Could you reproduce, word for word, everything below from the line containing "assms by simp" down to the line containing "unfolding S_def using t continuous_on_subset[OF", with both of those lines included and no others?

-- Exercise materials follows --

lemma dihedral_gt_arccos:
  fixes l :: "('t \<times> nat set) set \<Rightarrow> real"
  assumes ed: "ed \<in> HEdges Tets"
    and short: "\<forall>e \<in> Edges Tets gl sig. 0 < l e \<and> l e \<le> arcosh 2"
    and a: "1 < a" "l (PE Tets gl sig ed) = arcosh a"
  shows "arccos ((9 - a) / (a + 7)) < dihedral Tets gl sig l ed"
proof -
  obtain t i j where ed_eq: "ed = (t, {i, j})" and t: "t \<in> Tets"
    and ij: "i \<in> Verts" "j \<in> Verts" "i \<noteq> j"
    using ed unfolding HEdges_def by blast
  define x where "x = (\<lambda>u v. cosh (l (PE Tets gl sig (t, {u, v}))))"
  have x_bounds: "1 < x u v" "x u v \<le> 2" if "u \<in> Verts" "v \<in> Verts" "u \<noteq> v" for u v
  proof -
    have "PE Tets gl sig (t, {u, v}) \<in> Edges Tets gl sig"
      unfolding Edges_def HEdges_def using t that by blast
    then show "1 < x u v" "x u v \<le> 2"
      unfolding x_def using short cosh_in_Ioc_1_2 by auto
  qed
  define i' where "i' = Min {i, j}"
  define j' where "j' = Max {i, j}"
  define k where "k = Min (Verts - {i, j})"
  define h where "h = Max (Verts - {i, j})"
  note split = Verts_split_at_edge[OF ij, folded i'_def j'_def k_def h_def]
  have "x i' j' = a" unfolding x_def split(1) using a by (simp add: ed_eq)
  then have "phi x i' j' k h = phi6 a (x i' k) (x i' h) (x j' k) (x j' h) (x k h)"
    by (simp add: phi_eq_phi6)
  also have "\<dots> < (9 - a) / (a + 7)"
    using split(2,3) a(1) by (intro phi6_less; simp add: less_imp_le x_bounds)
  finally have "phi x i' j' k h < (9 - a) / (a + 7)" .
  moreover have "-1 < (9 - a) / (a + 7)" "(9 - a) / (a + 7) < 1"
    using a(1) by (simp_all add: field_simps)
  ultimately have "max (-1) (min (phi x i' j' k h) 1) < (9 - a) / (a + 7)"
    by simp
  then have "arccos ((9 - a) / (a + 7)) < arccos (max (-1) (min (phi x i' j' k h) 1))"
    using \<open>(9 - a) / (a + 7) < 1\<close> by (intro arccos_less_arccos) auto
  also have "\<dots> = dihedral Tets gl sig l ed"
    unfolding dihedral_def Let_def ed_eq x_def i'_def j'_def k_def h_def by simp
  finally show ?thesis .
qed

lemma bconst_gt_1_and_arccos:
  assumes "n \<ge> 10"
  shows "1 < bconst n" and "arccos ((9 - bconst n) / (bconst n + 7)) = 2*pi / n"
proof -
  define c where "c = cos (2*pi / n)"
  have angle: "0 < 2*pi / n" "2*pi / n < pi/2"
    using assms pi_gt_zero by (simp_all add: field_simps)
  have c: "0 < c" "c < 1"
    unfolding c_def using angle cos_monotone_0_pi[of 0 "2*pi / n"] by (auto intro: cos_gt_zero_pi)
  have b: "bconst n = 16 / (1 + c) - 7" unfolding bconst_def c_def using assms by simp
  show "1 < bconst n" unfolding b using c by (simp add: field_simps)
  have "(9 - bconst n) / (bconst n + 7) = c" unfolding b using c by (simp add: field_simps)
  then show "arccos ((9 - bconst n) / (bconst n + 7)) = 2*pi / n"
    unfolding c_def using angle by (simp add: arccos_cos)
qed

lemma curvature_neg_at_bconst:
  fixes l :: "('t \<times> nat set) set \<Rightarrow> real"
  assumes short: "\<forall>e \<in> Edges Tets gl sig. 0 < l e \<and> l e \<le> arcosh 2"
    and n: "valence Tets gl sig e \<ge> 10"
    and le: "l e = arcosh (bconst (valence Tets gl sig e))"
  shows "curvature Tets gl sig l e < 0"
proof -
  define n where "n = valence Tets gl sig e"
  define A where "A = {ed \<in> HEdges Tets. PE Tets gl sig ed = e}"
  have card_A: "card A = n" unfolding A_def n_def valence_def ..
  then have "finite A" "A \<noteq> {}" using n unfolding n_def by (auto intro: card_ge_0_finite)
  then have "(\<Sum>ed \<in> A. 2*pi / n) < (\<Sum>ed \<in> A. dihedral Tets gl sig l ed)"
  proof (rule sum_strict_mono)
    fix ed assume "ed \<in> A"
    then have "ed \<in> HEdges Tets" "l (PE Tets gl sig ed) = arcosh (bconst n)"
      unfolding A_def n_def using le by auto
    then show "2*pi / n < dihedral Tets gl sig l ed"
      using dihedral_gt_arccos[OF _ short] bconst_gt_1_and_arccos n unfolding n_def by metis
  qed
  moreover have "(\<Sum>ed \<in> A. 2*pi / n) = 2*pi" using card_A n unfolding n_def by simp
  ultimately show ?thesis unfolding curvature_def A_def by simp
qed

lemma le_barrier_if_deriv_neg_at_barrier:
  fixes g :: "real \<Rightarrow> real"
  assumes cont: "continuous_on {a..b} g"
    and start: "g a < B"
    and deriv: "\<And>s. a \<le> s \<Longrightarrow> s < b \<Longrightarrow> g s = B \<Longrightarrow>
                  \<exists>D < 0. (g has_real_derivative D) (at s within {a..b})"
    and t: "t \<in> {a..b}"
  shows "g t \<le> B"
proof (rule ccontr)
  assume "\<not> g t \<le> B"
  then have gt: "B < g t" by simp
  define S where "S = {a..t} \<inter> g -` {..B}"
  have "closed S"
    unfolding S_def using t continuous_on_subset[OF cont]
    by (intro continuous_closed_preimage) auto
  moreover have "a \<in> S" "bdd_above S" unfolding S_def using t start by auto
  ultimately have s_in: "Sup S \<in> S" by (intro closed_contains_Sup) auto
  define s where "s = Sup S"
  have s: "a \<le> s" "s \<le> t" "g s \<le> B" using s_in unfolding s_def S_def by auto
  have above_s: "x \<le> s" if "x \<in> S" for x
    using that \<open>bdd_above S\<close> unfolding s_def by (simp add: cSup_upper)
  obtain y where y: "s \<le> y" "y \<le> t" "g y = B"
    using IVT'[of g s B t] s gt continuous_on_subset[OF cont, of "{s..t}"] t by auto
  then have "y \<in> S" unfolding S_def using s by auto
  then have gs: "g s = B" using above_s y by force
  with gt have "s < t" using s(2) by (cases "s = t") auto
  with t obtain D where "D < 0" and der: "(g has_real_derivative D) (at s within {a..b})"
    using deriv s gs by force
  then obtain d where d: "d > 0" "\<And>h. h > 0 \<Longrightarrow> s + h \<in> {a..b} \<Longrightarrow> h < d \<Longrightarrow> g (s + h) < g s"
    using has_real_derivative_neg_dec_right by blast
  define h where "h = min (d/2) (t - s)"
  have h: "0 < h" "h < d" "s + h \<le> t" using d \<open>s < t\<close> unfolding h_def by auto
  then have "g (s + h) < B" using d(2) s t gs by auto
  then have "s + h \<in> S" unfolding S_def using s h by auto
  with above_s h show False by fastforce
qed

theorem proposition3p5:
  fixes Tets :: "'t set"
    and gl :: "'t \<times> nat \<Rightarrow> 't \<times> nat"
    and sig :: "'t \<times> nat \<Rightarrow> nat \<Rightarrow> nat"
    and l :: "real \<Rightarrow> ('t \<times> nat set) set \<Rightarrow> real"
    and l0 :: "('t \<times> nat set) set \<Rightarrow> real"
    and t0 :: real
  assumes M: "closed_pseudo_3_manifold Tets gl sig"
    and val: "\<forall>e \<in> Edges Tets gl sig. valence Tets gl sig e \<ge> 9"
    and pos: "\<forall>t \<ge> 0. \<forall>e \<in> Edges Tets gl sig. l t e > 0"
    and flow: "\<forall>t \<ge> 0. \<forall>e \<in> Edges Tets gl sig.
                 ((\<lambda>s. l s e) has_real_derivative
                    (curvature Tets gl sig (l t) e * l t e)) (at t within {0..})"
    and init: "\<forall>e \<in> Edges Tets gl sig. l 0 e = l0 e"
    and l0_bd: "\<forall>e \<in> Edges Tets gl sig.
                  0 < l0 e \<and> l0 e < arcosh (bconst (valence Tets gl sig e))"
    and t0: "t0 > 0"
    and sup: "\<forall>t \<in> {0..t0}. \<forall>e \<in> Edges Tets gl sig. l t e \<le> arcosh 2"
  shows "\<forall>e \<in> Edges Tets gl sig. \<forall>t \<in> {0..t0}.
           0 < l t e \<and> l t e \<le> arcosh (bconst (valence Tets gl sig e))"
proof (intro ballI conjI)
  fix e t assume e: "e \<in> Edges Tets gl sig" and t: "t \<in> {0..t0}"
  show "0 < l t e" using pos e t by auto
  show "l t e \<le> arcosh (bconst (valence Tets gl sig e))"
  proof (cases "valence Tets gl sig e = 9")
    case True
    then show ?thesis using sup e t by (simp add: bconst_def)
  next
    case False
    with val e have n: "valence Tets gl sig e \<ge> 10" by force
    have deriv: "((\<lambda>s. l s e) has_real_derivative curvature Tets gl sig (l s) e * l s e)
        (at s within {0..t0})" if "s \<in> {0..t0}" for s
      using flow e that by (force intro: has_field_derivative_subset[of _ _ _ "{0..}"])
    show ?thesis
    proof (rule le_barrier_if_deriv_neg_at_barrier[where g = "\<lambda>s. l s e"])
      show "continuous_on {0..t0} (\<lambda>s. l s e)" using deriv by (rule DERIV_continuous_on)
      show "l 0 e < arcosh (bconst (valence Tets gl sig e))" using init l0_bd e by auto
      fix s assume s: "0 \<le> s" "s < t0" and "l s e = arcosh (bconst (valence Tets gl sig e))"
      then have "curvature Tets gl sig (l s) e < 0"
        using curvature_neg_at_bconst[OF _ n] pos sup by auto
      then have "curvature Tets gl sig (l s) e * l s e < 0"
        using pos e s by (simp add: mult_neg_pos)
      then show "\<exists>D < 0. ((\<lambda>s. l s e) has_real_derivative D) (at s within {0..t0})"
        using deriv s by auto
    qed (use t in auto)
  qed
qed

end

-- Exercise materials concluded --

◆ Response area ◆
  have b: "bconst n = 16 / (1 + c) - 7" unfolding bconst_def c_def using assms by simp
  show "1 < bconst n" unfolding b using c by (simp add: field_simps)
  have "(9 - bconst n) / (bconst n + 7) = c" unfolding b using c by (simp add: field_simps)
  then show "arccos ((9 - bconst n) / (bconst n + 7)) = 2*pi / n"
    unfolding c_def using angle by (simp add: arccos_cos)
qed

lemma curvature_neg_at_bconst:
  fixes l :: "('t \<times> nat set) set \<Rightarrow> real"
  assumes short: "\<forall>e \<in> Edges Tets gl sig. 0 < l e \<and> l e \<le> arcosh 2"
    and n: "valence Tets gl sig e \<ge> 10"
    and le: "l e = arcosh (bconst (valence Tets gl sig e))"
  shows "curvature Tets gl sig l e < 0"
proof -
  define n where "n = valence Tets gl sig e"
  define A where "A = {ed \<in> HEdges Tets. PE Tets gl sig ed = e}"
  have card_A: "card A = n" unfolding A_def n_def valence_def ..
  then have "finite A" "A \<noteq> {}" using n unfolding n_def by (auto intro: card_ge_0_finite)
  then have "(\<Sum>ed \<in> A. 2*pi / n) < (\<Sum>ed \<in> A. dihedral Tets gl sig l ed)"
  proof (rule sum_strict_mono)
    fix ed assume "ed \<in> A"
    then have "ed \<in> HEdges Tets" "l (PE Tets gl sig ed) = arcosh (bconst n)"
      unfolding A_def n_def using le by auto
    then show "2*pi / n < dihedral Tets gl sig l ed"
      using dihedral_gt_arccos[OF _ short] bconst_gt_1_and_arccos n unfolding n_def by metis
  qed
  moreover have "(\<Sum>ed \<in> A. 2*pi / n) = 2*pi" using card_A n unfolding n_def by simp
  ultimately show ?thesis unfolding curvature_def A_def by simp
qed

lemma le_barrier_if_deriv_neg_at_barrier:
  fixes g :: "real \<Rightarrow> real"
  assumes cont: "continuous_on {a..b} g"
    and start: "g a < B"
    and deriv: "\<And>s. a \<le> s \<Longrightarrow> s < b \<Longrightarrow> g s = B \<Longrightarrow>
                  \<exists>D < 0. (g has_real_derivative D) (at s within {a..b})"
    and t: "t \<in> {a..b}"
  shows "g t \<le> B"
proof (rule ccontr)
  assume "\<not> g t \<le> B"
  then have gt: "B < g t" by simp
  define S where "S = {a..t} \<inter> g -` {..B}"
  have "closed S"
    unfolding S_def using t continuous_on_subset[OF cont]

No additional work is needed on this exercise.